**What you will do**
Nothing in the records may be left out or reworded; return them exactly.

**Supplied material**
lemma linear_ode_damped_bound:
  fixes t0 t :: real and A F P u du :: "real \<Rightarrow> complex" and Z W :: "real \<Rightarrow> real"
  assumes t: "t0 \<le> t"
    and cont: "continuous_on {t0..t} A" "continuous_on {t0..t} F" "continuous_on {t0..t} P"
      "continuous_on {t0..t} Z"
    and du: "\<And>s. s \<in> {t0..t} \<Longrightarrow> (u has_vector_derivative du s) (at s within {t0..t})"
    and W: "\<And>s. s \<in> {t0..t} \<Longrightarrow> 0 \<le> W s" "\<And>s. s \<in> {t0..t} \<Longrightarrow> W s \<le> Z s"
    and eq: "\<And>s. s \<in> {t0..t} \<Longrightarrow>
      du s = F s - of_real (W s) * P s - (of_real (Z s) + A s) * u s"
    and u0: "u t0 = 0"
  shows "cmod (u t) \<le> Sup ((\<lambda>\<tau>. cmod (exp (- integral {\<tau>..t} A) * P \<tau>)) ` {t0..t})
     + integral {t0..t} (\<lambda>\<tau>. cmod (exp (- integral {\<tau>..t} A) * F \<tau>))"
proof -
  define E where "E \<tau> = exp (- integral {\<tau>..t} A)" for \<tau>
  define R where "R \<tau> = exp (- integral {\<tau>..t} Z)" for \<tau>
  define M where "M = Sup ((\<lambda>\<tau>. cmod (E \<tau> * P \<tau>)) ` {t0..t})"
  define k where "k \<tau> = of_real (R \<tau>) * E \<tau> * (F \<tau> - of_real (W \<tau>) * P \<tau>)" for \<tau>
  define g where "g \<tau> = M * (R \<tau> * Z \<tau>) + cmod (E \<tau> * F \<tau>)" for \<tau>
  have sub: "{\<tau>..t} \<subseteq> {t0..t}" if "\<tau> \<in> {t0..t}" for \<tau>
    using that by auto
  have Z0: "0 \<le> Z s" if "s \<in> {t0..t}" for s
    using W[OF that] by linarith
  have R: "0 < R \<tau>" "R \<tau> \<le> 1" if "\<tau> \<in> {t0..t}" for \<tau>
  proof -
    have "0 \<le> integral {\<tau>..t} Z"
      using Z0 sub[OF that]
      by (intro integral_nonneg integrable_continuous_interval continuous_on_subset[OF cont(4)]) auto
    then show "0 < R \<tau>" "R \<tau> \<le> 1"
      by (simp_all add: R_def)
  qed
  have "((\<lambda>\<tau>. exp (- integral {\<tau>..t} (\<lambda>s. of_real (Z s) + A s)) * (F \<tau> - of_real (W \<tau>) * P \<tau>))
          has_integral u t) {t0..t}"
    using variation_of_constants[OF t _ du eq] u0 by (simp add: continuous_intros cont)
  moreover have "exp (- integral {\<tau>..t} (\<lambda>s. of_real (Z s) + A s)) * (F \<tau> - of_real (W \<tau>) * P \<tau>) = k \<tau>"
    if "\<tau> \<in> {t0..t}" for \<tau>
    unfolding k_def R_def E_def
    by (simp add: exp_neg_integral_of_real_add[OF continuous_on_subset[OF cont(4) sub[OF that]]
          continuous_on_subset[OF cont(1) sub[OF that]]])
  ultimately have int_k: "(k has_integral u t) {t0..t}"
    by (rule has_integral_eq[rotated])
  have bdd: "bdd_above ((\<lambda>\<tau>. cmod (E \<tau> * P \<tau>)) ` {t0..t})"
    unfolding E_def
    by (intro bounded_imp_bdd_above compact_imp_bounded compact_continuous_image compact_Icc
        continuous_intros continuous_on_exp_neg_integral cont)
  have EP: "cmod (E \<tau> * P \<tau>) \<le> M" if "\<tau> \<in> {t0..t}" for \<tau>
    unfolding M_def using bdd that by (auto intro: cSup_upper)
  have M0: "0 \<le> M"
    using EP[of t0] t by (meson atLeastAtMost_iff norm_ge_zero order.trans order_refl)
  have kg: "cmod (k \<tau>) \<le> g \<tau>" if \<tau>: "\<tau> \<in> {t0..t}" for \<tau>
  proof -
    have "k \<tau> = of_real (R \<tau>) * (E \<tau> * F \<tau> - of_real (W \<tau>) * (E \<tau> * P \<tau>))"
      unfolding k_def by (simp add: algebra_simps)
    then have "cmod (k \<tau>) = R \<tau> * cmod (E \<tau> * F \<tau> - of_real (W \<tau>) * (E \<tau> * P \<tau>))"
      using R(1)[OF \<tau>] by (simp add: norm_mult)
    also have "\<dots> \<le> R \<tau> * (cmod (E \<tau> * F \<tau>) + W \<tau> * M)"
    proof (rule mult_left_mono)
      have "cmod (of_real (W \<tau>) * (E \<tau> * P \<tau>)) \<le> W \<tau> * M"
        using W(1)[OF \<tau>] EP[OF \<tau>] by (simp add: norm_mult mult_left_mono)
      then show "cmod (E \<tau> * F \<tau> - of_real (W \<tau>) * (E \<tau> * P \<tau>)) \<le> cmod (E \<tau> * F \<tau>) + W \<tau> * M"
        using norm_triangle_ineq4[of "E \<tau> * F \<tau>" "of_real (W \<tau>) * (E \<tau> * P \<tau>)"]
        by linarith
    qed (use R(1)[OF \<tau>] in simp)
    also have "\<dots> = R \<tau> * cmod (E \<tau> * F \<tau>) + M * (R \<tau> * W \<tau>)"
      by (simp add: algebra_simps)
    also have "\<dots> \<le> g \<tau>"
    proof -
      have "R \<tau> * cmod (E \<tau> * F \<tau>) \<le> cmod (E \<tau> * F \<tau>)"
        using R[OF \<tau>] by (simp add: mult_left_le_one_le)
      moreover have "M * (R \<tau> * W \<tau>) \<le> M * (R \<tau> * Z \<tau>)"
        using R(1)[OF \<tau>] W(2)[OF \<tau>] M0 by (simp add: mult_left_mono)
      ultimately show ?thesis
        unfolding g_def by linarith
    qed
    finally show ?thesis .
  qed
  have int_RZ: "((\<lambda>\<tau>. R \<tau> * Z \<tau>) has_integral 1 - R t0) {t0..t}"
    unfolding R_def by (rule has_integral_mult_exp_neg_integral[OF t cont(4)])
  have int_EF: "(\<lambda>\<tau>. cmod (E \<tau> * F \<tau>)) integrable_on {t0..t}"
    unfolding E_def
    by (intro integrable_continuous_interval continuous_intros continuous_on_exp_neg_integral cont)
  have int_g: "g integrable_on {t0..t}"
    unfolding g_def
    by (intro integrable_add integrable_on_mult_right has_integral_integrable[OF int_RZ] int_EF)
  have "cmod (u t) \<le> integral {t0..t} g"
    using integral_norm_bound_integral[OF has_integral_integrable[OF int_k] int_g kg]
    unfolding integral_unique[OF int_k] .
  also have "integral {t0..t} g = M * (1 - R t0) + integral {t0..t} (\<lambda>\<tau>. cmod (E \<tau> * F \<tau>))"
    unfolding g_def
    using integral_add[OF integrable_on_mult_right[OF has_integral_integrable[OF int_RZ]] int_EF]
      integral_unique[OF int_RZ] by simp
  also have "\<dots> \<le> M + integral {t0..t} (\<lambda>\<tau>. cmod (E \<tau> * F \<tau>))"
    using M0 R(1)[of t0] t by (simp add: mult_left_le)
  finally show ?thesis
    unfolding M_def E_def .
qed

**Output for this task**
lemma linear_ode_damped_bound:
  fixes t0 t :: real and A F P u du :: "real \<Rightarrow> complex" and Z W :: "real \<Rightarrow> real"
  assumes t: "t0 \<le> t"
    and cont: "continuous_on {t0..t} A" "continuous_on {t0..t} F" "continuous_on {t0..t} P"
      "continuous_on {t0..t} Z"
    and du: "\<And>s. s \<in> {t0..t} \<Longrightarrow> (u has_vector_derivative du s) (at s within {t0..t})"
    and W: "\<And>s. s \<in> {t0..t} \<Longrightarrow> 0 \<le> W s" "\<And>s. s \<in> {t0..t} \<Longrightarrow> W s \<le> Z s"
    and eq: "\<And>s. s \<in> {t0..t} \<Longrightarrow>
      du s = F s - of_real (W s) * P s - (of_real (Z s) + A s) * u s"
    and u0: "u t0 = 0"
  shows "cmod (u t) \<le> Sup ((\<lambda>\<tau>. cmod (exp (- integral {\<tau>..t} A) * P \<tau>)) ` {t0..t})
     + integral {t0..t} (\<lambda>\<tau>. cmod (exp (- integral {\<tau>..t} A) * F \<tau>))"
proof -
  define E where "E \<tau> = exp (- integral {\<tau>..t} A)" for \<tau>
  define R where "R \<tau> = exp (- integral {\<tau>..t} Z)" for \<tau>
  define M where "M = Sup ((\<lambda>\<tau>. cmod (E \<tau> * P \<tau>)) ` {t0..t})"
  define k where "k \<tau> = of_real (R \<tau>) * E \<tau> * (F \<tau> - of_real (W \<tau>) * P \<tau>)" for \<tau>
  define g where "g \<tau> = M * (R \<tau> * Z \<tau>) + cmod (E \<tau> * F \<tau>)" for \<tau>
  have sub: "{\<tau>..t} \<subseteq> {t0..t}" if "\<tau> \<in> {t0..t}" for \<tau>
    using that by auto
  have Z0: "0 \<le> Z s" if "s \<in> {t0..t}" for s
    using W[OF that] by linarith
  have R: "0 < R \<tau>" "R \<tau> \<le> 1" if "\<tau> \<in> {t0..t}" for \<tau>
  proof -
    have "0 \<le> integral {\<tau>..t} Z"
      using Z0 sub[OF that]
      by (intro integral_nonneg integrable_continuous_interval continuous_on_subset[OF cont(4)]) auto
    then show "0 < R \<tau>" "R \<tau> \<le> 1"
      by (simp_all add: R_def)
  qed
  have "((\<lambda>\<tau>. exp (- integral {\<tau>..t} (\<lambda>s. of_real (Z s) + A s)) * (F \<tau> - of_real (W \<tau>) * P \<tau>))
          has_integral u t) {t0..t}"
    using variation_of_constants[OF t _ du eq] u0 by (simp add: continuous_intros cont)
  moreover have "exp (- integral {\<tau>..t} (\<lambda>s. of_real (Z s) + A s)) * (F \<tau> - of_real (W \<tau>) * P \<tau>) = k \<tau>"
    if "\<tau> \<in> {t0..t}" for \<tau>
    unfolding k_def R_def E_def
    by (simp add: exp_neg_integral_of_real_add[OF continuous_on_subset[OF cont(4) sub[OF that]]
          continuous_on_subset[OF cont(1) sub[OF that]]])
  ultimately have int_k: "(k has_integral u t) {t0..t}"
    by (rule has_integral_eq[rotated])
  have bdd: "bdd_above ((\<lambda>\<tau>. cmod (E \<tau> * P \<tau>)) ` {t0..t})"
    unfolding E_def
    by (intro bounded_imp_bdd_above compact_imp_bounded compact_continuous_image compact_Icc
        continuous_intros continuous_on_exp_neg_integral cont)
  have EP: "cmod (E \<tau> * P \<tau>) \<le> M" if "\<tau> \<in> {t0..t}" for \<tau>
    unfolding M_def using bdd that by (auto intro: cSup_upper)
  have M0: "0 \<le> M"
    using EP[of t0] t by (meson atLeastAtMost_iff norm_ge_zero order.trans order_refl)
  have kg: "cmod (k \<tau>) \<le> g \<tau>" if \<tau>: "\<tau> \<in> {t0..t}" for \<tau>
  proof -
    have "k \<tau> = of_real (R \<tau>) * (E \<tau> * F \<tau> - of_real (W \<tau>) * (E \<tau> * P \<tau>))"
      unfolding k_def by (simp add: algebra_simps)
    then have "cmod (k \<tau>) = R \<tau> * cmod (E \<tau> * F \<tau> - of_real (W \<tau>) * (E \<tau> * P \<tau>))"
      using R(1)[OF \<tau>] by (simp add: norm_mult)
    also have "\<dots> \<le> R \<tau> * (cmod (E \<tau> * F \<tau>) + W \<tau> * M)"
    proof (rule mult_left_mono)
      have "cmod (of_real (W \<tau>) * (E \<tau> * P \<tau>)) \<le> W \<tau> * M"
        using W(1)[OF \<tau>] EP[OF \<tau>] by (simp add: norm_mult mult_left_mono)
      then show "cmod (E \<tau> * F \<tau> - of_real (W \<tau>) * (E \<tau> * P \<tau>)) \<le> cmod (E \<tau> * F \<tau>) + W \<tau> * M"
        using norm_triangle_ineq4[of "E \<tau> * F \<tau>" "of_real (W \<tau>) * (E \<tau> * P \<tau>)"]
        by linarith
    qed (use R(1)[OF \<tau>] in simp)
    also have "\<dots> = R \<tau> * cmod (E \<tau> * F \<tau>) + M * (R \<tau> * W \<tau>)"
      by (simp add: algebra_simps)
    also have "\<dots> \<le> g \<tau>"
    proof -
      have "R \<tau> * cmod (E \<tau> * F \<tau>) \<le> cmod (E \<tau> * F \<tau>)"
        using R[OF \<tau>] by (simp add: mult_left_le_one_le)
      moreover have "M * (R \<tau> * W \<tau>) \<le> M * (R \<tau> * Z \<tau>)"
        using R(1)[OF \<tau>] W(2)[OF \<tau>] M0 by (simp add: mult_left_mono)
      ultimately show ?thesis
        unfolding g_def by linarith
    qed
    finally show ?thesis .
  qed
  have int_RZ: "((\<lambda>\<tau>. R \<tau> * Z \<tau>) has_integral 1 - R t0) {t0..t}"
    unfolding R_def by (rule has_integral_mult_exp_neg_integral[OF t cont(4)])
  have int_EF: "(\<lambda>\<tau>. cmod (E \<tau> * F \<tau>)) integrable_on {t0..t}"
    unfolding E_def
    by (intro integrable_continuous_interval continuous_intros continuous_on_exp_neg_integral cont)
  have int_g: "g integrable_on {t0..t}"
    unfolding g_def
    by (intro integrable_add integrable_on_mult_right has_integral_integrable[OF int_RZ] int_EF)
  have "cmod (u t) \<le> integral {t0..t} g"
    using integral_norm_bound_integral[OF has_integral_integrable[OF int_k] int_g kg]
    unfolding integral_unique[OF int_k] .
  also have "integral {t0..t} g = M * (1 - R t0) + integral {t0..t} (\<lambda>\<tau>. cmod (E \<tau> * F \<tau>))"
    unfolding g_def
    using integral_add[OF integrable_on_mult_right[OF has_integral_integrable[OF int_RZ]] int_EF]
      integral_unique[OF int_RZ] by simp
  also have "\<dots> \<le> M + integral {t0..t} (\<lambda>\<tau>. cmod (E \<tau> * F \<tau>))"
    using M0 R(1)[of t0] t by (simp add: mult_left_le)
  finally show ?thesis
    unfolding M_def E_def .
qed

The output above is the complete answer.